*** Opening of Data to process ***

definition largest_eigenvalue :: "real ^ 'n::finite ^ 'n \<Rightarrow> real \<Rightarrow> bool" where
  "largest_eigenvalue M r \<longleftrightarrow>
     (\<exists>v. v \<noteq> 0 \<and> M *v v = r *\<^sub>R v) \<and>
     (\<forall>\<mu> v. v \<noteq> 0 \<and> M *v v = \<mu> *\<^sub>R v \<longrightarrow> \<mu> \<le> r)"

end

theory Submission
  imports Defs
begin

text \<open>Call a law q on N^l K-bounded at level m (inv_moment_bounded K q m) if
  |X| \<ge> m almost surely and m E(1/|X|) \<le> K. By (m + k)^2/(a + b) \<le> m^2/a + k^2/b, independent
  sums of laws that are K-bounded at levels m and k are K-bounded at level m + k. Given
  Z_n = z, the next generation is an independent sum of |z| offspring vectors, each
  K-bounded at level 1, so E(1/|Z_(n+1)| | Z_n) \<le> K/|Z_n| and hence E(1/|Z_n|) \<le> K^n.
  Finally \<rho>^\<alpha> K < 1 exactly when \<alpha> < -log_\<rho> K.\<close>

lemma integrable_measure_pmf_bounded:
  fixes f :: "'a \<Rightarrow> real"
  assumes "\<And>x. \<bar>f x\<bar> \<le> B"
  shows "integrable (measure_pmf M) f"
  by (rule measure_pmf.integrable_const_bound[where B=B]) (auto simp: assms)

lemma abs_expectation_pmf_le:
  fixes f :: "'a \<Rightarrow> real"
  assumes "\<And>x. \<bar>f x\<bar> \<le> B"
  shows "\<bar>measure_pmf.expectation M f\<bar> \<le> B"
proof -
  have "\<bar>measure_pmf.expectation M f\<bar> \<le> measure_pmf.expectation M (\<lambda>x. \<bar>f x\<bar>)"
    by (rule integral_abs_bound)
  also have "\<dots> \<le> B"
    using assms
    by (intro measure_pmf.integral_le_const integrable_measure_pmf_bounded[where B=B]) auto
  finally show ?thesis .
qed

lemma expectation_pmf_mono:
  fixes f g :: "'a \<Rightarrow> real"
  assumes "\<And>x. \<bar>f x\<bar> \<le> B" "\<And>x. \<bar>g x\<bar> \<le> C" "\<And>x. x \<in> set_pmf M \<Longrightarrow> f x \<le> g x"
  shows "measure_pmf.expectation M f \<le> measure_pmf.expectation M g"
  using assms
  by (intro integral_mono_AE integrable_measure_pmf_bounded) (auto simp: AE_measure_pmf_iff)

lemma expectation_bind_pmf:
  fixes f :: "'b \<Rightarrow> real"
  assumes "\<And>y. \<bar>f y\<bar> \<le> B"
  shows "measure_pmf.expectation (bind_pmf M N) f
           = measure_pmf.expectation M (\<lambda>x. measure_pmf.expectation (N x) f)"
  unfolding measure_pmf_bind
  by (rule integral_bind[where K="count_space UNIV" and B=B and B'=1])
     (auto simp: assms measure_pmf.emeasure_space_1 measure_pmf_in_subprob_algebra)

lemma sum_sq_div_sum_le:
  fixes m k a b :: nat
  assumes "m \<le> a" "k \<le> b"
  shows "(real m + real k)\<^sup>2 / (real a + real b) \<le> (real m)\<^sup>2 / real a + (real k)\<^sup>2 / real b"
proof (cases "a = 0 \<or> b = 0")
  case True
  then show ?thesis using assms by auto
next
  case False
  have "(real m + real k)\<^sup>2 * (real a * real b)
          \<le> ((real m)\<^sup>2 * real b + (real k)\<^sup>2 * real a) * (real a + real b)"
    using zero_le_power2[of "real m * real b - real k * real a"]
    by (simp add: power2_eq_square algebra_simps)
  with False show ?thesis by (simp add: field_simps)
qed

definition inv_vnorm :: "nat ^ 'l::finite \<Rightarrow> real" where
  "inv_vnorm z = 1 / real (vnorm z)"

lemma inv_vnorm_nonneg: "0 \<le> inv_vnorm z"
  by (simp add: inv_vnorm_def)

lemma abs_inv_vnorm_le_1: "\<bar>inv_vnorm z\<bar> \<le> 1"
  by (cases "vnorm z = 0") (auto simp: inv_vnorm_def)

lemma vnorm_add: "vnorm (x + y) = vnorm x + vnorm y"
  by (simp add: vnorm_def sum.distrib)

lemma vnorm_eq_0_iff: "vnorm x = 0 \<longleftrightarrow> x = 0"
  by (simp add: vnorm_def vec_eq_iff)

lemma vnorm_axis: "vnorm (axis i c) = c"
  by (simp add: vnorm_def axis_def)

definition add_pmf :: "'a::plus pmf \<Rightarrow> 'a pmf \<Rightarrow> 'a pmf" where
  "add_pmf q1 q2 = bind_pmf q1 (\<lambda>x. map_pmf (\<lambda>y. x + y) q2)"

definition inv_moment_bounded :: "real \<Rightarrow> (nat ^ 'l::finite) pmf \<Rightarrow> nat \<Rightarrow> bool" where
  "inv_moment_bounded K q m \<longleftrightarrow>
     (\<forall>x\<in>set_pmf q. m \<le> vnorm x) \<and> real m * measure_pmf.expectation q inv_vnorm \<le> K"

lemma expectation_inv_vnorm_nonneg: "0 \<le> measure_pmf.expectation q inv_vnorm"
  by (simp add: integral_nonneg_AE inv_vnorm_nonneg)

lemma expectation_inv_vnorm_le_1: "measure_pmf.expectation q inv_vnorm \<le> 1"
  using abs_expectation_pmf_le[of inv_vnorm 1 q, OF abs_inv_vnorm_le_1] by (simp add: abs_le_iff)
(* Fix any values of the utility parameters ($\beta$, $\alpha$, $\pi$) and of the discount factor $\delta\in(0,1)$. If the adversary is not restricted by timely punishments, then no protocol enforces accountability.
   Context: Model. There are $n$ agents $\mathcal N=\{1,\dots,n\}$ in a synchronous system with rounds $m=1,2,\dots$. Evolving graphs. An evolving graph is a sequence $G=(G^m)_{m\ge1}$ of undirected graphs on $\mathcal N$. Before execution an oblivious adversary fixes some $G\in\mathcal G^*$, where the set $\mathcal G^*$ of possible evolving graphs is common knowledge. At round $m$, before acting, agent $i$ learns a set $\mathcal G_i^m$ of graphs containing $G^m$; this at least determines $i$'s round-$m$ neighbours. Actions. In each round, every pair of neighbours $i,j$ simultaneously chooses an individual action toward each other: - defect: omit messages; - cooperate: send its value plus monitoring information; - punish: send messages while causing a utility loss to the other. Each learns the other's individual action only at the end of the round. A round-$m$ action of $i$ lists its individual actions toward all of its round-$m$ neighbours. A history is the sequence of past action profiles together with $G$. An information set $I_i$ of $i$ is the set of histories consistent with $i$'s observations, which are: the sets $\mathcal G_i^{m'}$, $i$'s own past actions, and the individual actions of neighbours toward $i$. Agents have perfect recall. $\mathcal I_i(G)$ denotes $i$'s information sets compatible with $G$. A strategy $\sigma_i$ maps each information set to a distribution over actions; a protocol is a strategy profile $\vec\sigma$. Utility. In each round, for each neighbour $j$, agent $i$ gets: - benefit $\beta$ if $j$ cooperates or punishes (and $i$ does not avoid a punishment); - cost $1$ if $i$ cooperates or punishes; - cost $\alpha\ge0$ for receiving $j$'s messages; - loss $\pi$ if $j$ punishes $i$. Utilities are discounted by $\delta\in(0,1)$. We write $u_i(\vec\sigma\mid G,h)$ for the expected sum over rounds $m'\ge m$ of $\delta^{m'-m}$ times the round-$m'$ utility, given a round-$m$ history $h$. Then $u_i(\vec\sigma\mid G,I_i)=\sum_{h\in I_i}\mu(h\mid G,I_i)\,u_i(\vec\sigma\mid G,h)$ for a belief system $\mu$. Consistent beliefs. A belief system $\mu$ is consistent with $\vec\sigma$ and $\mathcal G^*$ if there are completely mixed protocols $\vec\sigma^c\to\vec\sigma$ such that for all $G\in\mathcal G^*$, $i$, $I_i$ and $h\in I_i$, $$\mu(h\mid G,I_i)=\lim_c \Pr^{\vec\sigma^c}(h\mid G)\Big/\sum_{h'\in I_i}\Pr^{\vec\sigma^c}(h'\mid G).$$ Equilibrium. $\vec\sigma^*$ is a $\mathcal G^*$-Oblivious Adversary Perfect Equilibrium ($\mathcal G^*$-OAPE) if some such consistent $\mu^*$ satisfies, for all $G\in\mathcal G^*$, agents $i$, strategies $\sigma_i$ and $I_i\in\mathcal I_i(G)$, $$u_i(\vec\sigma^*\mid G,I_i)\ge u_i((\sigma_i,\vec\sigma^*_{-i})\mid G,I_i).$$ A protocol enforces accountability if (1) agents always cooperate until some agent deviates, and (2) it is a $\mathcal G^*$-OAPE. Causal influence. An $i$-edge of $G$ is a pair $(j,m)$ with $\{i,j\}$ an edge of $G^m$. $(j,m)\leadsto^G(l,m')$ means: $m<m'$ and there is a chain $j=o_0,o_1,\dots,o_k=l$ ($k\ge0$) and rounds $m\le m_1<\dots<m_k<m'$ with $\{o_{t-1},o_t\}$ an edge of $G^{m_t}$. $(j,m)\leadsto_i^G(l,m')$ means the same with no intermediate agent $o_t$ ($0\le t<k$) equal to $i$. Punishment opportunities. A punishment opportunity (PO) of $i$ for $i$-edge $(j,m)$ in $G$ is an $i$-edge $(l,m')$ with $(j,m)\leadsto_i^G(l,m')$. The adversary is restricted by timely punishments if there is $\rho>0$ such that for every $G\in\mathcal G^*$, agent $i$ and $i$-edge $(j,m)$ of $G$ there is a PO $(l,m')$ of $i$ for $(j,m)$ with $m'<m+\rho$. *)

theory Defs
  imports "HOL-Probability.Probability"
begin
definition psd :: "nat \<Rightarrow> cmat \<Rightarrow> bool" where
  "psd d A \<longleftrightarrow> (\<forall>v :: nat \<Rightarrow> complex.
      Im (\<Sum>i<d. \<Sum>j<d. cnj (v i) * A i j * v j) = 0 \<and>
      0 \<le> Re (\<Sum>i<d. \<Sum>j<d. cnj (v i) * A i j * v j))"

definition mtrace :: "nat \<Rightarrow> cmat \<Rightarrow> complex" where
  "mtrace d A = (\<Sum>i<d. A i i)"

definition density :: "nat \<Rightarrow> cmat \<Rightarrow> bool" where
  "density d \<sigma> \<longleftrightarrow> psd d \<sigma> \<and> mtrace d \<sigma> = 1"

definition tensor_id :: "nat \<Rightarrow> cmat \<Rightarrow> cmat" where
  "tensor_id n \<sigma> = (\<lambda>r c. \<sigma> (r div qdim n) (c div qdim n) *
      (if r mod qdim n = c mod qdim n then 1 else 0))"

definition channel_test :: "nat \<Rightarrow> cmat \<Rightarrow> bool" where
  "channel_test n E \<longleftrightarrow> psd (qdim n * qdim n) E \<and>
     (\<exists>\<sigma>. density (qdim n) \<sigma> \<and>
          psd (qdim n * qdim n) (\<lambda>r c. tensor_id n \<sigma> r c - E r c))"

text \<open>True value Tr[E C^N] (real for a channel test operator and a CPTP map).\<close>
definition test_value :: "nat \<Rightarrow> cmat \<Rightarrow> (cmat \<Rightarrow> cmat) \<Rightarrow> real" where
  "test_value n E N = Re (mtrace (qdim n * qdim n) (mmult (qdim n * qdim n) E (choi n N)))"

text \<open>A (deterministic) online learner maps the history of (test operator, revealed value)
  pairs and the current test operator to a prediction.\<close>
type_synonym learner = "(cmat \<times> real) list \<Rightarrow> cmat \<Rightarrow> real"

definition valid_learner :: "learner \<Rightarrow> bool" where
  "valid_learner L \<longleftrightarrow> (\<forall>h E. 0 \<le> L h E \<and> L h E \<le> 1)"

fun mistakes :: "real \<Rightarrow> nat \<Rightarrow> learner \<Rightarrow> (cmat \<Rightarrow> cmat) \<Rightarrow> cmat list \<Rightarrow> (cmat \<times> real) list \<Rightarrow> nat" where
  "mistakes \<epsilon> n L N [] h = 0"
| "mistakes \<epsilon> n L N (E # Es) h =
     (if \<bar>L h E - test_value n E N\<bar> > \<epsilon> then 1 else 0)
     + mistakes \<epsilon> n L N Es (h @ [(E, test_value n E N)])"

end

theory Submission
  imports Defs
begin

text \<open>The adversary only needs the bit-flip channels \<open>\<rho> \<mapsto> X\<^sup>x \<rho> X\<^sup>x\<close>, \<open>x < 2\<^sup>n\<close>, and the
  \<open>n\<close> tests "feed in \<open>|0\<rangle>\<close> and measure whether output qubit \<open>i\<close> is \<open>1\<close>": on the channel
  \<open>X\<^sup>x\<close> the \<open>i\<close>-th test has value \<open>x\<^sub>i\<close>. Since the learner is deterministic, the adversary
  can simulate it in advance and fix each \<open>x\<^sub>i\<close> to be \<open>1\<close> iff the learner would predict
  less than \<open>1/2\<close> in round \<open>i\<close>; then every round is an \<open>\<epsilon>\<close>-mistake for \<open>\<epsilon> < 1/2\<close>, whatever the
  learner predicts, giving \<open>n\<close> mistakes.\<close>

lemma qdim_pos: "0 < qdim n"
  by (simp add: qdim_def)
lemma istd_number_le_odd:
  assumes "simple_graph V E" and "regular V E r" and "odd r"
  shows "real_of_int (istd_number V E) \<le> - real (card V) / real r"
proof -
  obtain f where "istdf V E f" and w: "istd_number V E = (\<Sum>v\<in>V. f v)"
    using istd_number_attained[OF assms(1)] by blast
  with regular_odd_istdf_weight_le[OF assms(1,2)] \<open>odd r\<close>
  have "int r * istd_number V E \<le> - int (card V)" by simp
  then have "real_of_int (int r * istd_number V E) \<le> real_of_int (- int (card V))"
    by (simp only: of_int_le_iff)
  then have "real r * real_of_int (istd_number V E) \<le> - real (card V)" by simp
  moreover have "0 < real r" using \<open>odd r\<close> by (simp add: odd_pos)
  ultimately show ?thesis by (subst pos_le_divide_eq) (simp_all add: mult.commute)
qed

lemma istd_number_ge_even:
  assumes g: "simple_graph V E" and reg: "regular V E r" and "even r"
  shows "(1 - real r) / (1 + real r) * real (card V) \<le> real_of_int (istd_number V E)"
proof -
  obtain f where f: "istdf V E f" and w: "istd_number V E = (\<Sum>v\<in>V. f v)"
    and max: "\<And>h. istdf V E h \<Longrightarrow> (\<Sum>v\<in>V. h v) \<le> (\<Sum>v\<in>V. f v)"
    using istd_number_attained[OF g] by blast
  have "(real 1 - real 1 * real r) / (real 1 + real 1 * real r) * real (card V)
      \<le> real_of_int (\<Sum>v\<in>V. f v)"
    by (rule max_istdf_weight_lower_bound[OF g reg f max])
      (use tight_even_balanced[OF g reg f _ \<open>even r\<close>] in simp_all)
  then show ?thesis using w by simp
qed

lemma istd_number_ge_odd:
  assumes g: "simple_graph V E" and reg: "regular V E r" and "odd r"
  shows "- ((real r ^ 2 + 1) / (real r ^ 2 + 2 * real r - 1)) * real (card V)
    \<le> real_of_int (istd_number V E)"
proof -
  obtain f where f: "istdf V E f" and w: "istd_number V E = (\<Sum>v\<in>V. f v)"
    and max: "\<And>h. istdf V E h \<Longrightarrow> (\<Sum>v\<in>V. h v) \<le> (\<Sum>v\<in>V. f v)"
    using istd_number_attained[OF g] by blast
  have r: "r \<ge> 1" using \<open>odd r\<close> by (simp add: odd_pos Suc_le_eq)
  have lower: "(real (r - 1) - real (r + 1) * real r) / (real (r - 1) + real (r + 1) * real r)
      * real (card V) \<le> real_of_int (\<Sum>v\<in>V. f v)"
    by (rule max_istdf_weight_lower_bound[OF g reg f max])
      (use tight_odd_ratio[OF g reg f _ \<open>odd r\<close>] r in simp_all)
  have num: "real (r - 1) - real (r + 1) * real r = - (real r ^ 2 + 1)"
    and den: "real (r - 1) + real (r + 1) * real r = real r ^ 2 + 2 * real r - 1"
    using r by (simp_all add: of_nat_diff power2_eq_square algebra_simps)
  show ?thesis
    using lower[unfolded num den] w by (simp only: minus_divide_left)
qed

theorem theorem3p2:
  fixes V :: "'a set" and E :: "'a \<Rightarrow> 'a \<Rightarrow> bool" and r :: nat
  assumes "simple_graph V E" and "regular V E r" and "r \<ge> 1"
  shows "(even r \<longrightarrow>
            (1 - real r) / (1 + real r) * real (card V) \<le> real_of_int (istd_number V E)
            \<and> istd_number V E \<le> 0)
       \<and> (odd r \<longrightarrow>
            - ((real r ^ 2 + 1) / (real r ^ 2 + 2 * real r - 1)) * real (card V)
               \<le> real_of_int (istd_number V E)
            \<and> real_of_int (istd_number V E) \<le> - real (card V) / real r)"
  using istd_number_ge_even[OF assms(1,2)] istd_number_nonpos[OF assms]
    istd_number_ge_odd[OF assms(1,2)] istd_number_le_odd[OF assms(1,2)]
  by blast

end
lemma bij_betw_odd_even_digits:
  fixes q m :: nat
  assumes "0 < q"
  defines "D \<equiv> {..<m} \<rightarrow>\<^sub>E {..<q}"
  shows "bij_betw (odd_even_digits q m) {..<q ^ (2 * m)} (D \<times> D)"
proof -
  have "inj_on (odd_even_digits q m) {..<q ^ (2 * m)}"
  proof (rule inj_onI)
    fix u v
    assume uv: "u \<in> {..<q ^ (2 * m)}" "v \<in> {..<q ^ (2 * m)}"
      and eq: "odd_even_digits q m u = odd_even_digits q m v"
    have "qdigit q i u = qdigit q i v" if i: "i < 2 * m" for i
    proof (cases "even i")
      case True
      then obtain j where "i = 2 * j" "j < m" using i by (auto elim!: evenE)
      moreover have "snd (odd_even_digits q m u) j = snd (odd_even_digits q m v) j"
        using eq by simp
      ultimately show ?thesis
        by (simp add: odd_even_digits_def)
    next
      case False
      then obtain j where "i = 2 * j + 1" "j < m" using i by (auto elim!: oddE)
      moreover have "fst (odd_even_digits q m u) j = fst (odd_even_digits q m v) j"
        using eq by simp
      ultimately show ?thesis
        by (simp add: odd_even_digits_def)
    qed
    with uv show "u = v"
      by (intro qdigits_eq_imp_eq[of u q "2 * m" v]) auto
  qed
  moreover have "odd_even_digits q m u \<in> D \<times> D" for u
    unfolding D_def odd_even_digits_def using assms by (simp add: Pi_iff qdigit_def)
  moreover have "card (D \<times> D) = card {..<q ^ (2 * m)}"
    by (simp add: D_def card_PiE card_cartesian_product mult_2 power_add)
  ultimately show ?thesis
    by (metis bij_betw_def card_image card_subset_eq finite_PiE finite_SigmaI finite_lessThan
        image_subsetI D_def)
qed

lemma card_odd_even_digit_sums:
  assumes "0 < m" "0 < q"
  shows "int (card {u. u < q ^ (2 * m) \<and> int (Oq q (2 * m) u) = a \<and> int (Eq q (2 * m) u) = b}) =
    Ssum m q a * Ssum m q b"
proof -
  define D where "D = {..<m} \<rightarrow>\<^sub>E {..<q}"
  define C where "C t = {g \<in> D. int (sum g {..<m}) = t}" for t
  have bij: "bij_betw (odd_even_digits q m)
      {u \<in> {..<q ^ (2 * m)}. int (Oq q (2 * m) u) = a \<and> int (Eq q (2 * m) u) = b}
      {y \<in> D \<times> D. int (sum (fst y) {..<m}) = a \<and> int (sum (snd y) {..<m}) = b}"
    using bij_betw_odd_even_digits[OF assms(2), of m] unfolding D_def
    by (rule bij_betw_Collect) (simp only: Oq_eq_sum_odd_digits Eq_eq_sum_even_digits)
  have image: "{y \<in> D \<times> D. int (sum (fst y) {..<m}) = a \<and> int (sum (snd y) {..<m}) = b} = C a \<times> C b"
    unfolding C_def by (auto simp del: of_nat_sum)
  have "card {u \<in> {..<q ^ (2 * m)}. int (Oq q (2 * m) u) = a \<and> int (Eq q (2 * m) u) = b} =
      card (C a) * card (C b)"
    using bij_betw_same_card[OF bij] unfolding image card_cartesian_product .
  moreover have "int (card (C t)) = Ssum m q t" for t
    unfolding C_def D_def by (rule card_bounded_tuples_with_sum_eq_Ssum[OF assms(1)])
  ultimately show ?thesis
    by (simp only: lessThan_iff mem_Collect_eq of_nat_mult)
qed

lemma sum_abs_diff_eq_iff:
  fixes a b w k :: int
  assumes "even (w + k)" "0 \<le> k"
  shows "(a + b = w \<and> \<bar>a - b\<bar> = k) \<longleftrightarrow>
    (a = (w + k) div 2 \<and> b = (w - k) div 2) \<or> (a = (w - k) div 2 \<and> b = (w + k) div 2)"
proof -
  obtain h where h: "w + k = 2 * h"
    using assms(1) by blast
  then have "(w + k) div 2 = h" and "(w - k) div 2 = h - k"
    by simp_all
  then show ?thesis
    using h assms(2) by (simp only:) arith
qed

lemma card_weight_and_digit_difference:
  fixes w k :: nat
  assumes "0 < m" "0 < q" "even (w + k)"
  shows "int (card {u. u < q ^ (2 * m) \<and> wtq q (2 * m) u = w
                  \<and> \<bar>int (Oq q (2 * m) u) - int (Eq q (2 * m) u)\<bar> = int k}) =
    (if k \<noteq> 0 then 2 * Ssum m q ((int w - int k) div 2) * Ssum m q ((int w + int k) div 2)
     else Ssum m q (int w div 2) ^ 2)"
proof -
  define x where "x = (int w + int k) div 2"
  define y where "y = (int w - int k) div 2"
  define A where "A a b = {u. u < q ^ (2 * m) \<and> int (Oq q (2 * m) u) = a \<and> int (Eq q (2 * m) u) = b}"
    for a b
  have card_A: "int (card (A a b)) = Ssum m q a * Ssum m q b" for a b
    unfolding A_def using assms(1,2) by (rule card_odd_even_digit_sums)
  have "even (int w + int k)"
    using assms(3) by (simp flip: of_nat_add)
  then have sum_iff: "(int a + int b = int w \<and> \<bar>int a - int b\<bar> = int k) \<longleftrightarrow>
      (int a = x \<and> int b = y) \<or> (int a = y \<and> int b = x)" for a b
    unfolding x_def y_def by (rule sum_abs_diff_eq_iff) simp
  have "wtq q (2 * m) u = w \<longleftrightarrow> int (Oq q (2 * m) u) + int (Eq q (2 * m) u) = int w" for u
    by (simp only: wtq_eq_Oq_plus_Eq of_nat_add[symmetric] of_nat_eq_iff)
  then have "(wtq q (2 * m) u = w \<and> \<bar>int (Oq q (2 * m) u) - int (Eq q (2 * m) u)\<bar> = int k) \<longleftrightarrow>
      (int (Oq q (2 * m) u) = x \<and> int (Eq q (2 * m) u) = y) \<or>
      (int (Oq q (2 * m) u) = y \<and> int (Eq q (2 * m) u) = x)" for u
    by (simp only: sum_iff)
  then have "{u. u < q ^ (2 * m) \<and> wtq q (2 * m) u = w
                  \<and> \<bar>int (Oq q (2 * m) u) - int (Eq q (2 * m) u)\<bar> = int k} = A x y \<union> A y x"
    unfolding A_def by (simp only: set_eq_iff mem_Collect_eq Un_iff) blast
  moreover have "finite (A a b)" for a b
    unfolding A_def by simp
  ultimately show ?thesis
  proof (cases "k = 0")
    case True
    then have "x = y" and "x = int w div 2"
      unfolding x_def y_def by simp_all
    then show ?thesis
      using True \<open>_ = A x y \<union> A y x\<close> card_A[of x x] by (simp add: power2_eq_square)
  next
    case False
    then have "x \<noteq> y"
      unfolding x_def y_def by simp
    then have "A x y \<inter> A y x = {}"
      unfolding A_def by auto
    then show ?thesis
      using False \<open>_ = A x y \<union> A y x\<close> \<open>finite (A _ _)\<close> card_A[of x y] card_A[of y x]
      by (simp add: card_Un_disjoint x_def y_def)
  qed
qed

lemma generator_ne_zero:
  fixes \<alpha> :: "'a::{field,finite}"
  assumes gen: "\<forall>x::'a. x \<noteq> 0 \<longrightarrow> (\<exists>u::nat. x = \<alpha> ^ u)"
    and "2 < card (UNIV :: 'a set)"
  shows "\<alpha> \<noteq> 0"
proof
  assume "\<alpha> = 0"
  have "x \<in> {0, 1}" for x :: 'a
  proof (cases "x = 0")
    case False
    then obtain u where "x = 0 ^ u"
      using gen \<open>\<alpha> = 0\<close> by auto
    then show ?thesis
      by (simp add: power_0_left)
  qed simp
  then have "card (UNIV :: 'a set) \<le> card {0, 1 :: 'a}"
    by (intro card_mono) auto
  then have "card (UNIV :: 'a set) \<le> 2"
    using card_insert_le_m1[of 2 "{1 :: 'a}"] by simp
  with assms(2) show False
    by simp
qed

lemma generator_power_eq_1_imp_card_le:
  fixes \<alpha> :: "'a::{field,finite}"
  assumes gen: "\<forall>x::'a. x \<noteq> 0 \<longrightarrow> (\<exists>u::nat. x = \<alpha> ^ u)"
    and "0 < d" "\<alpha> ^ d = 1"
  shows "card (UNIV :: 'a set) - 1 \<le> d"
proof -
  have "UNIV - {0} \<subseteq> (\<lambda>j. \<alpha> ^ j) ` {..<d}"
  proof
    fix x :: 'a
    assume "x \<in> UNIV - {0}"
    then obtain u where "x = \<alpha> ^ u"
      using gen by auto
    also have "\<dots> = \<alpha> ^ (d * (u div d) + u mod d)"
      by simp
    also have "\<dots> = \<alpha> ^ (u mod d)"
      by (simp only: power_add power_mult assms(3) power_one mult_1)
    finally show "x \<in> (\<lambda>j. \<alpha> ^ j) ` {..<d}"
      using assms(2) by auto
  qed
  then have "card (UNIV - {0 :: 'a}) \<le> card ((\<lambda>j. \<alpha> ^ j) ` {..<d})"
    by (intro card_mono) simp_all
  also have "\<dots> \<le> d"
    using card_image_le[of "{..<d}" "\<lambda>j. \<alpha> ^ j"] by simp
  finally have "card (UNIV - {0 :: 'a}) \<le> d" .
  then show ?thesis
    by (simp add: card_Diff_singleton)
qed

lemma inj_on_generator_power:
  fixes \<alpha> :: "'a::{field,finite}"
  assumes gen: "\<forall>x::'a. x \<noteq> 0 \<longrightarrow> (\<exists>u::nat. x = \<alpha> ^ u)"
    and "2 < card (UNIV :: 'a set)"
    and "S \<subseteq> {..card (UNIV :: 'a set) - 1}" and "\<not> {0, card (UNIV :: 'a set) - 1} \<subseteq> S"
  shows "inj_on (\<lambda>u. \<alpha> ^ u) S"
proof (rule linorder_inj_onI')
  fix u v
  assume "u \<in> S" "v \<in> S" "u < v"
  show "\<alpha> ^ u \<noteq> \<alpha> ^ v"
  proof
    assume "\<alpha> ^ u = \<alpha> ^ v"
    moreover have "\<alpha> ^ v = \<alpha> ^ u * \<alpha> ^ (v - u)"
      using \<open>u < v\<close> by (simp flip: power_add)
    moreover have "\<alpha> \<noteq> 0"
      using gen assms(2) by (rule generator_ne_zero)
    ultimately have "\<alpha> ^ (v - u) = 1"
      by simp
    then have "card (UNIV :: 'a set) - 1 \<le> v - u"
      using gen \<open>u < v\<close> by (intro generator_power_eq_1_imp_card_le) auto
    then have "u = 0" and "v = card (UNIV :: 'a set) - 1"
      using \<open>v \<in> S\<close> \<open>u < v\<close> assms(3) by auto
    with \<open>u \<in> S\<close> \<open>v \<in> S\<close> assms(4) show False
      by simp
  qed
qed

*** Close of Data to process ***

Go through the entries and count the lines where the word "lambda" appears; give only the count.

Finished task | 10